The wolf packs in the North Cascade recovery region, which includes Chelan County, had three successful breeding pairs, according to the report. Washington has three distinct recovery regions for wolves: Eastern Washington, the North Cascades, as well as the Southern Cascades and Northwest Coast region.

Each region needs to have four successful breeding pairs for three consecutive years before wolves are delisted from state and federal protections in that area, according to the report. The Eastern Washington region is already delisted. The Southern Cascades and Northwest Coast region has no breeding pairs.

In 2018 five packs killed livestock. Wolves killed 11 cattle and one sheep. They also injured 19 cattle and two sheep. The state reimbursed farmers $7,536 for the death of five of the livestock and $5,950 for reduced livestock weight due to wolves.
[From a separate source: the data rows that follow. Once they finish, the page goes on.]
(* With the sets $E_n$ defined in the context, there is a constant $c>0$ independent of $n$ such that for every $n\ge2$, $$\mathrm{Fav}(E_n)\ \ge\ c\Big(\sum_{k=1}^{n-1}a_k\Big)^{-1}.$$
   Context: Construction. Let $f:\mathbb{R}\to\mathbb{R}$ be $f(x)=0$ for $x\in[0,\tfrac12)+\mathbb{Z}$ and $f(x)=\tfrac34$ for $x\in[\tfrac12,1)+\mathbb{Z}$. Let $g:\mathbb{N}\to\mathbb{R}_+$ be strictly increasing with $g(k)\to\infty$, and set $a_1=g(1)$, $a_k=\min\{1,g(k)-g(k-1)\}$ for $k\ge2$. Let $(m_k)_{k\ge1}$ be positive integers with $m_k>m_{k-1}$, $1000\cdot4^{-m_k}\le a_k4^{-m_{k-1}}$ and $1000\cdot4^{-m_k}\le a_{k-1}4^{-m_{k-1}}$ for all $k\ge2$. For $n\ge1$ define $f_n:[0,1]\to\mathbb{R}$ by $f_n(x)=f(2x)+\sum_{j=1}^{n}a_j4^{-m_j}f(2\cdot4^{m_j}x)$, let $s_n=\{0\}\times[0,4^{-m_n}]$, and $E_n=\overline{s_n+\operatorname{graph}f_n}$ (Minkowski sum, closure). Favard length: $\mathrm{Fav}(E)=\frac{1}{|S^1|}\int_{S^1}|p_\theta(E)|\,d\theta$ with $p_\theta(x)=x\cdot\theta$. *)

theory Defs
  imports "HOL-Analysis.Analysis"
begin

definition step_f :: "real \<Rightarrow> real" where
  "step_f x = (if frac x < 1/2 then 0 else 3/4)"

definition a_seq :: "(nat \<Rightarrow> real) \<Rightarrow> nat \<Rightarrow> real" where
  "a_seq g k = (if k = 1 then g 1 else min 1 (g k - g (k - 1)))"

definition f_n :: "(nat \<Rightarrow> real) \<Rightarrow> (nat \<Rightarrow> nat) \<Rightarrow> nat \<Rightarrow> real \<Rightarrow> real" where
  "f_n g m n x = step_f (2 * x)
      + (\<Sum>j = 1..n. a_seq g j * (1 / 4 ^ m j) * step_f (2 * 4 ^ m j * x))"

text \<open>E_n = closure (s_n + graph f_n), with s_n = {0} x [0, 4^{-m_n}], graph over [0,1].\<close>
definition E_set :: "(nat \<Rightarrow> real) \<Rightarrow> (nat \<Rightarrow> nat) \<Rightarrow> nat \<Rightarrow> (real \<times> real) set" where
  "E_set g m n = closure {(x, f_n g m n x + s) | x s.
      x \<in> {0..1} \<and> s \<in> {0..1 / 4 ^ m n}}"

definition proj_dir :: "real \<Rightarrow> real \<times> real \<Rightarrow> real" where
  "proj_dir t p = fst p * cos t + snd p * sin t"

text \<open>Favard length: (1/|S^1|) \<integral>_{S^1} |p_theta(E)| d theta, with |S^1| = 2 pi,
  parametrising S^1 by t \<in> [0, 2 pi].\<close>
definition favard_length :: "(real \<times> real) set \<Rightarrow> ennreal" where
  "favard_length E = ennreal (1 / (2 * pi)) *
     (\<integral>\<^sup>+ t. indicator {0..2*pi} t * emeasure lborel (proj_dir t ` E) \<partial>lborel)"

end

theory Submission
  imports Defs
begin

text \<open>Write f_n(x) = \<Sum>_{j=0..n} b_j 4^(-\<mu>_j) f(2 4^\<mu>_j x) with b_0 = 1, \<mu>_0 = 0.
  On the grid of mesh 4^(-m_n-1) every term is constant, and each term increases except for
  periodic drops of size (3/4) b_j 4^(-\<mu>_j). For a small angle t, call a cell safe if no
  term drops within about t times its drop size (in units of the mesh); counting shows that
  at least half of the cells are safe once 48 t \<Sum>_j b_j \<le> 1. The lacunarity condition makes
  the drop sizes decay geometrically, so between two safe cells f_n loses at most 3/(16 t)
  times their distance. Hence the projections of the graph pieces over safe cells are
  disjoint intervals, and the projection in every direction t \<le> 1/(48 \<Sum>_j b_j) has length
  at least 1/8. Averaging over directions gives Fav(E_n) \<ge> 1/(768 \<pi> \<Sum>_j b_j), and
  \<Sum>_j b_j = 1 + \<Sum>_{k\<le>n} a_k is comparable to \<Sum>_{k<n} a_k.\<close>

lemma sum_halving_le:
  fixes R :: "nat \<Rightarrow> real"
  assumes "\<And>j. i \<le> j \<Longrightarrow> 0 \<le> R j" and "\<And>j. i \<le> j \<Longrightarrow> R (Suc j) \<le> R j / 2"
  shows "(\<Sum>j = i..n. R j) \<le> 2 * R i"
proof -
  have "i \<le> n \<Longrightarrow> (\<Sum>j = i..n. R j) + R n \<le> 2 * R i"
  proof (induction n)
    case (Suc n)
    show ?case
    proof (cases "i = Suc n")
      case False
      with Suc have "(\<Sum>j = i..n. R j) + R n \<le> 2 * R i" "R (Suc n) \<le> R n / 2" "i \<le> n"
        using assms(2) by auto
      then show ?thesis by simp
    qed simp
  qed simp
  then show ?thesis using assms(1) by (cases "i \<le> n") force+
qed

lemma sum_halving_bounded:
  fixes R :: "nat \<Rightarrow> real"
  assumes nonneg: "\<And>j. 0 \<le> R j" and halving: "\<And>j. 1 \<le> j \<Longrightarrow> R (Suc j) \<le> R j / 2"
    and "finite J" and bounded: "\<And>j. j \<in> J \<Longrightarrow> R j \<le> D" and "0 \<le> D"
  shows "(\<Sum>j\<in>J. R j) \<le> 3 * D"
proof -
  have sum_pos: "(\<Sum>j\<in>J - {0}. R j) \<le> 2 * D"
  proof (cases "J - {0} = {}")
    case True
    then show ?thesis using \<open>0 \<le> D\<close> by (metis sum.empty mult_nonneg_nonneg zero_le_numeral)
  next
    case False
    define i where "i = Min (J - {0})"
    have "i \<in> J - {0}" unfolding i_def using False \<open>finite J\<close> by (intro Min_in) auto
    have "J - {0} \<subseteq> {i..Max J}"
      unfolding i_def using \<open>finite J\<close> by (auto intro!: Min_le Max_ge)
    then have "(\<Sum>j\<in>J - {0}. R j) \<le> (\<Sum>j = i..Max J. R j)"
      using nonneg by (intro sum_mono2) auto
    also have "\<dots> \<le> 2 * R i"
      using \<open>i \<in> J - {0}\<close> by (intro sum_halving_le nonneg halving) auto
    finally show ?thesis using bounded \<open>i \<in> J - {0}\<close> by force
  qed
  have "(\<Sum>j\<in>J. R j) = (\<Sum>j\<in>J \<inter> {0}. R j) + (\<Sum>j\<in>J - {0}. R j)"
    using \<open>finite J\<close> by (metis sum.Int_Diff)
  moreover have "(\<Sum>j\<in>J \<inter> {0}. R j) \<le> D" by (cases "0 \<in> J") (auto simp: bounded \<open>0 \<le> D\<close>)
  ultimately show ?thesis using sum_pos by linarith
qed

lemma period_end_le_diff:
  fixes p q N :: nat
  assumes "p < q" "p div N \<noteq> q div N"
  shows "N - p mod N \<le> q - p"
proof -
  have "Suc (p div N) \<le> q div N" using assms div_le_mono[of p q N] by simp
  then have "p div N * N + N \<le> q div N * N" by (metis mult_Suc mult_le_mono1 add.commute)
  also have "\<dots> \<le> q" by (simp add: div_times_less_eq_dividend)
  finally show ?thesis using div_mult_mod_eq[of p N] by linarith
qed

lemma card_near_top_le:
  fixes N :: nat and \<rho> :: real
  assumes "0 \<le> \<rho>"
  shows "real (card {r. r < N \<and> real (N - r) < \<rho>}) \<le> \<rho>"
proof -
  define S where "S = {r. r < N \<and> real (N - r) < \<rho>}"
  have "inj_on (\<lambda>r. N - r) S" unfolding S_def by (auto simp: inj_on_def)
  moreover have "(\<lambda>r. N - r) ` S \<subseteq> {1..<nat \<lceil>\<rho>\<rceil>}"
  proof
    fix s assume "s \<in> (\<lambda>r. N - r) ` S"
    then obtain r where "r < N" "real (N - r) < \<rho>" "s = N - r" unfolding S_def by auto
    moreover from this have "int s < \<lceil>\<rho>\<rceil>" by linarith
    ultimately show "s \<in> {1..<nat \<lceil>\<rho>\<rceil>}" by auto
  qed
  ultimately have "card S \<le> card {1..<nat \<lceil>\<rho>\<rceil>}"
    by (metis card_image card_mono finite_atLeastLessThan)
  then have "real (card S) \<le> real (nat \<lceil>\<rho>\<rceil> - 1)" by simp
  also have "\<dots> \<le> \<rho>" using assms by (simp add: of_nat_diff) linarith
  finally show ?thesis by (simp add: S_def)
qed

lemma card_near_period_end_le:
  fixes N P :: nat and \<rho> :: real
  assumes "0 \<le> \<rho>" "N dvd P" "N > 0"
  shows "real (card {p. p < P \<and> real (N - p mod N) < \<rho>}) \<le> real (P div N) * \<rho>"
proof -
  define S where "S = {r. r < N \<and> real (N - r) < \<rho>}"
  have "finite S" unfolding S_def by auto
  have "{p. p < P \<and> real (N - p mod N) < \<rho>} \<subseteq> (\<lambda>(k, r). k * N + r) ` ({..<P div N} \<times> S)"
  proof
    fix p assume p: "p \<in> {p. p < P \<and> real (N - p mod N) < \<rho>}"
    then have "p div N < P div N" using assms(2,3)
      by (metis dvd_div_mult_self less_mult_imp_div_less mem_Collect_eq)
    moreover have "p mod N \<in> S" using p assms(3) by (simp add: S_def)
    ultimately show "p \<in> (\<lambda>(k, r). k * N + r) ` ({..<P div N} \<times> S)"
      by (force intro: image_eqI[where x = "(p div N, p mod N)"])
  qed
  then have "card {p. p < P \<and> real (N - p mod N) < \<rho>} \<le> card ({..<P div N} \<times> S)"
    using \<open>finite S\<close> by (meson card_image_le card_mono finite_SigmaI finite_imageI
        finite_lessThan order_trans)
  also have "\<dots> = P div N * card S" by (simp add: card_cartesian_product)
  finally have "real (card {p. p < P \<and> real (N - p mod N) < \<rho>}) \<le> real (P div N) * real (card S)"
    by (metis of_nat_le_iff of_nat_mult)
  also have "\<dots> \<le> real (P div N) * \<rho>"
    using card_near_top_le[OF assms(1)] by (intro mult_left_mono) (simp_all add: S_def)
  finally show ?thesis .
qed

lemma small_angle_bounds:
  fixes t :: real
  assumes "0 \<le> t" "t \<le> 1"
  shows "1/2 \<le> cos t" "0 \<le> sin t" "sin t \<le> t"
proof -
  have "cos (pi/3) \<le> cos t" using assms pi_gt3 by (intro cos_monotone_0_pi_le) auto
  then show "1/2 \<le> cos t" by (simp add: cos_60)
  show "0 \<le> sin t" using assms pi_gt3 by (intro sin_ge_zero) auto
  show "sin t \<le> t" using assms by (simp add: sin_x_le_x)
qed

section \<open>Lacunary step sums on a grid\<close>

lemma step_f_on_cell:
  fixes p K :: nat and u :: real
  assumes "K > 0" and lo: "real p / real (2 * K) \<le> u" and hi: "u < real (p + 1) / real (2 * K)"
  shows "step_f u = (if p mod (2 * K) < K then 0 else 3/4)"
proof -
  define N where "N = 2 * K"
  define q where "q = p div N"
  define r where "r = p mod N"
  have N0: "real N > 0" using \<open>K > 0\<close> by (simp add: N_def)
  have p_eq: "real p = real q * real N + real r"
    unfolding q_def r_def by (metis of_nat_add of_nat_mult div_mult_mod_eq)
  have "r < N" using \<open>K > 0\<close> unfolding r_def N_def by simp
  have lo': "real q + real r / real N \<le> u" and hi': "u < real q + (real r + 1) / real N"
    using lo hi p_eq N0 unfolding N_def[symmetric] by (simp_all add: field_simps)
  have "(real r + 1) / real N \<le> 1" using \<open>r < N\<close> N0 by (simp add: field_simps)
  moreover have "real q \<le> u" using lo' by (smt (verit) divide_nonneg_nonneg of_nat_0_le_iff)
  ultimately have "floor u = int q" using hi' by (simp add: floor_eq_iff)
  then have frac_u: "frac u = u - real q" by (simp add: frac_def)
  show ?thesis
  proof (cases "r < K")
    case True
    then have "(real r + 1) / real N \<le> 1/2" using N0 unfolding N_def by (simp add: field_simps)
    then have "frac u < 1/2" using frac_u hi' by linarith
    then show ?thesis using True by (simp add: step_f_def r_def N_def)
  next
    case False
    then have "1/2 \<le> real r / real N" using N0 unfolding N_def by (simp add: field_simps)
    then have "\<not> frac u < 1/2" using frac_u lo' by linarith
    then show ?thesis using False by (simp add: step_f_def r_def N_def)
  qed
qed

definition lacunary_sum :: "(nat \<Rightarrow> real) \<Rightarrow> (nat \<Rightarrow> nat) \<Rightarrow> nat \<Rightarrow> real \<Rightarrow> real" where
  "lacunary_sum b \<mu> n x = (\<Sum>j = 0..n. b j / 4 ^ \<mu> j * step_f (2 * 4 ^ \<mu> j * x))"

lemma lacunary_sum_bounds:
  assumes "\<And>j. 0 \<le> b j"
  shows "0 \<le> lacunary_sum b \<mu> n x" "lacunary_sum b \<mu> n x \<le> (\<Sum>j = 0..n. b j)"
proof -
  have term_bounds: "0 \<le> b j / 4 ^ \<mu> j * step_f y \<and> b j / 4 ^ \<mu> j * step_f y \<le> b j" for j y
  proof -
    have "0 \<le> step_f y" "step_f y \<le> 1" by (auto simp: step_f_def)
    moreover have "0 \<le> b j / 4 ^ \<mu> j" using assms[of j] by simp
    ultimately have "b j / 4 ^ \<mu> j * step_f y \<le> b j / 4 ^ \<mu> j" by (metis mult_left_le)
    also have "\<dots> \<le> b j" using assms[of j] by (simp add: divide_le_eq mult_le_cancel_left1)
    finally show ?thesis using \<open>0 \<le> step_f y\<close> assms[of j] by simp
  qed
  show "0 \<le> lacunary_sum b \<mu> n x" "lacunary_sum b \<mu> n x \<le> (\<Sum>j = 0..n. b j)"
    unfolding lacunary_sum_def using term_bounds by (auto intro: sum_nonneg sum_mono)
qed

text \<open>Cell \<open>p\<close> is the interval \<open>[p / 4^(M+1), (p+1) / 4^(M+1))\<close>; in units of cells,
  the step function with exponent \<open>e \<le> M\<close> has period \<open>cell_period M e\<close>.\<close>
definition cell_period :: "nat \<Rightarrow> nat \<Rightarrow> nat" where
  "cell_period M e = 2 * 4 ^ (M - e)"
Also 12 wolves died in 2018, six were legally hunted by Native Americans, four were killed in response to livestock deaths and two died from human activity and their deaths are under investigation.

Wolves returned to Washington state in 2008 and came back on their own, according to the Department of Fish and Wildlife website. The species disappeared from the state in the 1930s after wolves were hunted and trapped into extinction.

Wolves are an adaptable species, Maletzke said in February. They can survive in a variety of landscapes and hunt all kinds of animals, including fish, mice, rabbits, elk and moose.